• [Dataset records]
○ ○ ○ ○

lemma gdist_edge:
  assumes "{x,y} \<in> edges G" "x \<in> verts G" "y \<in> verts G" "x \<noteq> y"
  shows "gdist G x y = 1"
  unfolding gdist_def
proof (rule Least_equality)
  show "\<exists>xs. walk G xs \<and> hd xs = x \<and> last xs = y \<and> length xs = Suc 1"
    using assms by (intro exI[of _ "[x,y]"]) simp
  fix k assume "\<exists>xs. walk G xs \<and> hd xs = x \<and> last xs = y \<and> length xs = Suc k"
  then obtain xs where xs: "walk G xs" "hd xs = x" "last xs = y" "length xs = Suc k" by blast
  show "1 \<le> k"
  proof (rule ccontr)
    assume "\<not> 1 \<le> k"
    then have "k = 0" by simp
    then have "hd xs = last xs" using xs(4) hd_eq_last_if_length_1 by simp
    then show False using xs assms(4) by simp
  qed
qed

lemma gdist_two:
  assumes "walk G [x,u,y]" "x \<noteq> y" "{x,y} \<notin> edges G"
  shows "gdist G x y = 2"
  unfolding gdist_def
proof (rule Least_equality)
  show "\<exists>xs. walk G xs \<and> hd xs = x \<and> last xs = y \<and> length xs = Suc 2"
    using assms by (intro exI[of _ "[x,u,y]"]) simp
  fix k assume "\<exists>xs. walk G xs \<and> hd xs = x \<and> last xs = y \<and> length xs = Suc k"
  then obtain xs where xs: "walk G xs" "hd xs = x" "last xs = y" "length xs = Suc k" by blast
  show "2 \<le> k"
  proof (rule ccontr)
    assume "\<not> 2 \<le> k"
    then have "k = 0 \<or> k = 1" by auto
    then show False
    proof
      assume "k = 0"
      then have "hd xs = last xs" using xs(4) hd_eq_last_if_length_1 by simp
      then show False using xs assms(2) by simp
    next
      assume "k = 1"
      then obtain p q where "xs = [p,q]" using xs(4) by (auto simp: length_Suc_conv)
      then show False using xs assms(3) by simp
    qed
  qed
qed

lemma ecc_path_of_three:
  assumes V: "verts I = {a,y,b}" and e: "{y,a} \<in> edges I" "{y,b} \<in> edges I"
    and ne: "{a,b} \<notin> edges I" and d: "y \<noteq> a" "y \<noteq> b" "a \<noteq> b"
  shows "ecc I y = 1" "ecc I a = 2" "ecc I b = 2"
proof -
  have e': "{a,y} \<in> edges I" "{b,y} \<in> edges I" "{b,a} \<notin> edges I"
    using e ne by (simp_all add: insert_commute)
  have in_I: "a \<in> verts I" "y \<in> verts I" "b \<in> verts I" using V by auto
  have g1: "gdist I y a = 1" "gdist I y b = 1" "gdist I a y = 1" "gdist I b y = 1"
    using gdist_edge[OF e(1)] gdist_edge[OF e(2)] gdist_edge[OF e'(1)] gdist_edge[OF e'(2)] in_I d
    by auto
  have g0: "gdist I a a = 0" "gdist I b b = 0" "gdist I y y = 0"
    using gdist_self[OF in_I(1)] gdist_self[OF in_I(3)] gdist_self[OF in_I(2)] by simp_all
  have w: "walk I [a,y,b]" "walk I [b,y,a]" using e e' in_I by simp_all
  have g2: "gdist I a b = 2" "gdist I b a = 2"
    by (rule gdist_two[OF w(1) d(3) ne], rule gdist_two[OF w(2) d(3)[symmetric] e'(3)])
  show "ecc I y = 1" "ecc I a = 2" "ecc I b = 2" unfolding ecc_def V using g0 g1 g2 by simp_all
qed
lemma finitely_spanned_coeffs_witness:
  "\<exists>v\<in>finitely_spanned_coeffs. v (n - 1) \<noteq> 0"
proof -
  have c_central: "c k \<in> center" if "k \<le> n" for k
    using root that unfolding central_poly_root_def by blast
  define v where "v i = (\<Sum>k\<in>{Suc i..n}. c k * x ^ (k - 1 - i))" for i
  define S where "S d k = (\<Sum>i<k. x ^ i * d * x ^ (k - 1 - i))" for d k
  have op_eq: "elementary_op v d = (\<Sum>k\<le>n. c k * S d k)" for d
  proof -
    have "elementary_op v d = (\<Sum>i<n. \<Sum>k\<in>{Suc i..n}. c k * (x ^ i * d * x ^ (k - 1 - i)))"
      unfolding elementary_op_def v_def sum_distrib_left
      by (intro sum.cong refl center_left_commute c_central) simp
    also have "\<dots> = (\<Sum>k\<le>n. \<Sum>i<k. c k * (x ^ i * d * x ^ (k - 1 - i)))"
      by (rule sum.nested_swap'[symmetric])
    finally show ?thesis
      unfolding S_def by (simp add: sum_distrib_left)
  qed
  have "x * elementary_op v d - elementary_op v d * x = 0" for d
    using commutator_central_poly_sum[OF c_central, where x = x and d = d] root
    unfolding op_eq S_def central_poly_root_def by simp
  then have "range (elementary_op v) \<subseteq> left_span (centralizer x) {1}"
    using left_span_generator[of _ "centralizer x" 1 "{1}"] by (auto simp: centralizer_def)
  then have "v \<in> finitely_spanned_coeffs"
    unfolding finitely_spanned_coeffs_def by blast
  moreover have "v (n - 1) = c n"
    using degree_pos unfolding v_def by simp
  ultimately show ?thesis
    using root unfolding central_poly_root_def by (intro bexI[of _ v]) auto
qed

definition support :: "(nat \<Rightarrow> 'a) \<Rightarrow> nat set" where
  "support v = {i. i < n \<and> v i \<noteq> 0}"
(* (i) Let $(s,p)\in R_{\Lambda,i}$. Then \[ \frac{\prod_{p'=1}^{i+1}L^{(s)}_{+,p'}}{\prod_{1\le p'\le i,\ p'\ne p}(\nu^{(s)}_{i,p}-\nu^{(s)}_{i,p'})}=\hbar'^2(p-i-1), \] and for $s'\ne s$, with $\Delta=a_s-a_{s'}$, \[ \frac{\prod_{p'=1}^{i+1}L^{(s')}_{+,p'}}{\prod_{p'=1}^{i}(\nu^{(s)}_{i,p}-\nu^{(s')}_{i,p'})}=\begin{cases}\hbar'(p-i-1)-\Delta&\text{if }l^{(s')}_{i+1}=l^{(s')}_i,\\ \hbar'(p-i)-\Delta&\text{if }l^{(s')}_{i+1}=l^{(s')}_i+1,\ l^{(s')}_i=i,\\ \dfrac{(\hbar'(p-l^{(s')}_i)-\Delta)(\hbar'(p-i-1)-\Delta)}{\hbar'(p-l^{(s')}_i-1)-\Delta}&\text{if }l^{(s')}_{i+1}=l^{(s')}_i+1,\ l^{(s')}_i\ne i.\end{cases} \] (ii) Let $(s,p)\in A_{\Lambda,i}$. Then \[ \frac{\prod_{p'=1}^{i-1}L^{(s)}_{-,p'}}{\prod_{1\le p'\le i,\ p'\ne p}(\nu^{(s)}_{i,p}-\nu^{(s)}_{i,p'})}=-\frac1{p-i-1}, \] and for $s'\ne s$, with $\Delta=a_s-a_{s'}$, \[ \frac{\prod_{p'=1}^{i-1}L^{(s')}_{-,p'}}{\prod_{p'=1}^{i}(\nu^{(s)}_{i,p}-\nu^{(s')}_{i,p'})}=\begin{cases}\dfrac1{\hbar'(p-i-1)-\Delta}&\text{if }l^{(s')}_{i-1}=l^{(s')}_i,\\ \dfrac1{\hbar'(p-i)-\Delta}&\text{if }l^{(s')}_{i-1}=l^{(s')}_i-1,\ l^{(s')}_i=i,\\ \dfrac{\hbar'(p-l^{(s')}_i-1)-\Delta}{(\hbar'(p-l^{(s')}_i)-\Delta)(\hbar'(p-i-1)-\Delta)}&\text{if }l^{(s')}_{i-1}=l^{(s')}_i-1,\ l^{(s')}_i\ne i.\end{cases} \]
   Context: Work over $\mathbb{C}(\varepsilon_1,\varepsilon_2)$ with $\hbar'=-(\varepsilon_1+\varepsilon_2)$, $t=N\varepsilon_2$, $N\ge2$. Fix $l\ge1$, integers $1\le p_1,\dots,p_l\le N$ and integers $r_1<\dots<r_l$, and set $a_s=tr_s+\hbar'(p_1+\cdots+p_s-\frac32)$. Let $\mathcal S$ be the set of collections of integers $\Lambda=(\lambda^{(s)}_{i,p})$, $1\le s\le l$, $1\le i\le N$, $1\le p\le i$, with $\lambda^{(s)}_{N,p}=1$ for $p\le p_s$ and $0$ for $p>p_s$, and $\lambda^{(s)}_{i,p}\ge\lambda^{(s)}_{i-1,p}\ge\lambda^{(s)}_{i,p+1}$ (so all entries are $0$ or $1$); put $\lambda^{(s)}_{i,p}=0$ for $p>i$. Let $l^{(s)}_i$ be the number of $p$ with $\lambda^{(s)}_{i,p}=1$. For $\Lambda\in\mathcal S$ and $1\le i\le N-1$, $\Lambda\pm\delta^{(s)}_{i,p}$ denotes $\Lambda$ with the $(s,i,p)$ entry changed by $\pm1$; $R_{\Lambda,i}=\{(s,p):\Lambda+\delta^{(s)}_{i,p}\in\mathcal S\}$, $A_{\Lambda,i}=\{(s,p):\Lambda-\delta^{(s)}_{i,p}\in\mathcal S\}$. Set $\nu^{(s)}_{i,p}=\hbar'(p-1-\lambda^{(s)}_{i,p})-a_s$, and for fixed $(s,i,p)$ and any $(s',p')$: $L^{(s')}_{+,p'}=\hbar'(p-p'+\lambda^{(s')}_{i+1,p'})-(a_s-a_{s'})$, $L^{(s')}_{-,p'}=\hbar'(p-p'-1+\lambda^{(s')}_{i-1,p'})-(a_s-a_{s'})$ (empty products are $1$). *)

theory Defs
  imports Complex_Main "HOL-Computational_Algebra.Polynomial" "HOL-Computational_Algebra.Fraction_Field"
begin
text \<open>The side \<open>(h, True)\<close> of the pair \<open>(h, \<sigma> h)\<close> lies in the sector \<open>h\<close>, the side
  \<open>(h, False)\<close> in the sector \<open>\<sigma> h\<close>. The boundary runs along the ribbon of \<open>h\<close> from a side
  to its opposite side.\<close>

definition sides :: "(nat \<times> bool) set" where
  "sides = {1..2*n} \<times> UNIV"

definition sector :: "nat \<times> bool \<Rightarrow> nat" where
  "sector z = (if snd z then fst z else \<sigma> (fst z))"

definition twisted :: "nat \<Rightarrow> bool" where
  "twisted h \<longleftrightarrow> twisted_ribbon \<sigma> \<gamma> \<omega> h (\<epsilon> h)"

definition opposite :: "nat \<times> bool \<Rightarrow> nat \<times> bool" where
  "opposite z = (\<epsilon> (fst z), if twisted (fst z) then snd z else \<not> snd z)"

definition forward :: "nat \<times> bool \<Rightarrow> bool" where
  "forward z \<longleftrightarrow> (\<omega> (sector z) = \<omega> 1) = snd z"

lemma sector_simps [simp]: "sector (h, True) = h" "sector (h, False) = \<sigma> h"
  by (simp_all add: sector_def)

lemma sector_in_sectors:
  assumes "z \<in> sides"
  shows "sector z \<in> sectors n"
proof -
  have "fst z \<in> sectors n"
    using assms by (auto simp: sides_def sectors_def)
  then show ?thesis
    by (simp add: sector_def)
qed

lemma twisted_matching: "h \<in> {1..2*n} \<Longrightarrow> twisted (\<epsilon> h) = twisted h"
  using matching[of h] by (auto simp: twisted_def twisted_ribbon_def gamma_consec_def)

lemma opposite_in_sides: "z \<in> sides \<Longrightarrow> opposite z \<in> sides"
  using matching by (auto simp: sides_def opposite_def)

lemma opposite_opposite: "z \<in> sides \<Longrightarrow> opposite (opposite z) = z"
  using matching twisted_matching by (auto simp: sides_def opposite_def)

lemma gamma_consec_opposite:
  assumes "z \<in> sides"
  shows "gamma_consec \<gamma> (sector z) (sector (opposite z))"
proof -
  obtain h b where z: "z = (h, b)" and h: "h \<in> {1..2*n}"
    using assms by (auto simp: sides_def)
  have "gamma_consec \<gamma> a c = gamma_consec \<gamma> c a" for a c
    by (auto simp: gamma_consec_def)
  then show ?thesis
    using ribbon_cases[OF h]
    by (auto simp: z opposite_def sector_def twisted_def twisted_ribbon_def untwisted_ribbon_def)
qed

lemma forward_opposite:
  assumes "z \<in> sides"
  shows "forward (opposite z) \<longleftrightarrow> \<not> forward z"
proof -
  obtain h b where z: "z = (h, b)" and h: "h \<in> {1..2*n}"
    using assms by (auto simp: sides_def)
  have "1 \<in> sectors n" "h \<in> sectors n"
    using h by (simp_all add: sectors_def)
  then have "\<omega> 1 = 1 \<or> \<omega> 1 = -1" "\<omega> h = 1 \<or> \<omega> h = -1" "\<omega> (\<sigma> h) = 1 \<or> \<omega> (\<sigma> h) = -1"
    by (simp_all add: orientation_unit)
  then show ?thesis
    using ribbon_cases[OF h]
    by (auto simp: z opposite_def forward_def sector_def twisted_def twisted_ribbon_def
        untwisted_ribbon_def)
qed

lemma side_cases: "z \<in> sides \<Longrightarrow> z = (sector z, True) \<or> z = (inv \<sigma> (sector z), False)"
  by (cases z) (auto simp: sector_def)

lemma inner_sides:
  assumes "t \<in> {2..2*n}"
  shows "(t, True) \<in> sides" and "(inv \<sigma> t, False) \<in> sides"
proof -
  have "inv \<sigma> t \<noteq> 2*n+1"
  proof
    assume "inv \<sigma> t = 2*n+1"
    then have "t = 1"
      by (metis sigma_inv_sigma sigma_last)
    with assms show False
      by simp
  qed
  moreover have "inv \<sigma> t \<in> sectors n"
    using assms sigma_in_sectors_iff[of "inv \<sigma> t"] by (simp add: sectors_def)
  ultimately show "(t, True) \<in> sides" "(inv \<sigma> t, False) \<in> sides"
    using assms by (auto simp: sides_def sectors_def)
qed

lemma side_eqI:
  assumes "z \<in> sides" "z' \<in> sides" "sector z = sector z'" "forward z \<longleftrightarrow> forward z'"
  shows "z = z'"
proof -
  have "forward (sector z, True) \<noteq> forward (inv \<sigma> (sector z), False)"
    by (simp add: forward_def)
  then show ?thesis
    using side_cases[OF assms(1)] side_cases[OF assms(2)] assms(3,4) by metis
qed

lemma forward_side_exists:
  assumes "t \<in> {1..2*n}"
  obtains z where "z \<in> sides" "sector z = t" "forward z"
proof (cases "t = 1 \<or> \<omega> t = \<omega> 1")
  case True
  then show thesis
    using assms by (intro that[of "(t, True)"]) (auto simp: sides_def forward_def)
next
  case False
  then show thesis
    using assms inner_sides[of t] by (intro that[of "(inv \<sigma> t, False)"]) (auto simp: forward_def)
qed

lemma side_at_first: "z \<in> sides \<Longrightarrow> sector z = 1 \<Longrightarrow> z = (1, True)"
  using side_cases[of z] inv_sigma_first by (auto simp: sides_def)

lemma not_forward_at_last: "z \<in> sides \<Longrightarrow> sector z = 2*n+1 \<Longrightarrow> \<not> forward z"
  using side_cases[of z] orientation_last by (auto simp: sides_def forward_def)

lemma sector_opposite_inner:
  assumes "z \<in> sides" and "sector z \<in> {2..2*n}"
  shows "sector (opposite z) = sector z + 1 \<or> sector (opposite z) + 1 = sector z"
  using gamma_consec_opposite[OF assms(1)] assms
    gamma_consec_iff[OF sector_in_sectors sector_in_sectors, OF assms(1) opposite_in_sides]
  by auto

○ ○ ○ ○

• [Exercise requirements] What lines of the material contain "symmetric"? Show them.

• [Your solution]
    by (rule gdist_two[OF w(1) d(3) ne], rule gdist_two[OF w(2) d(3)[symmetric] e'(3)])
      by (rule sum.nested_swap'[symmetric])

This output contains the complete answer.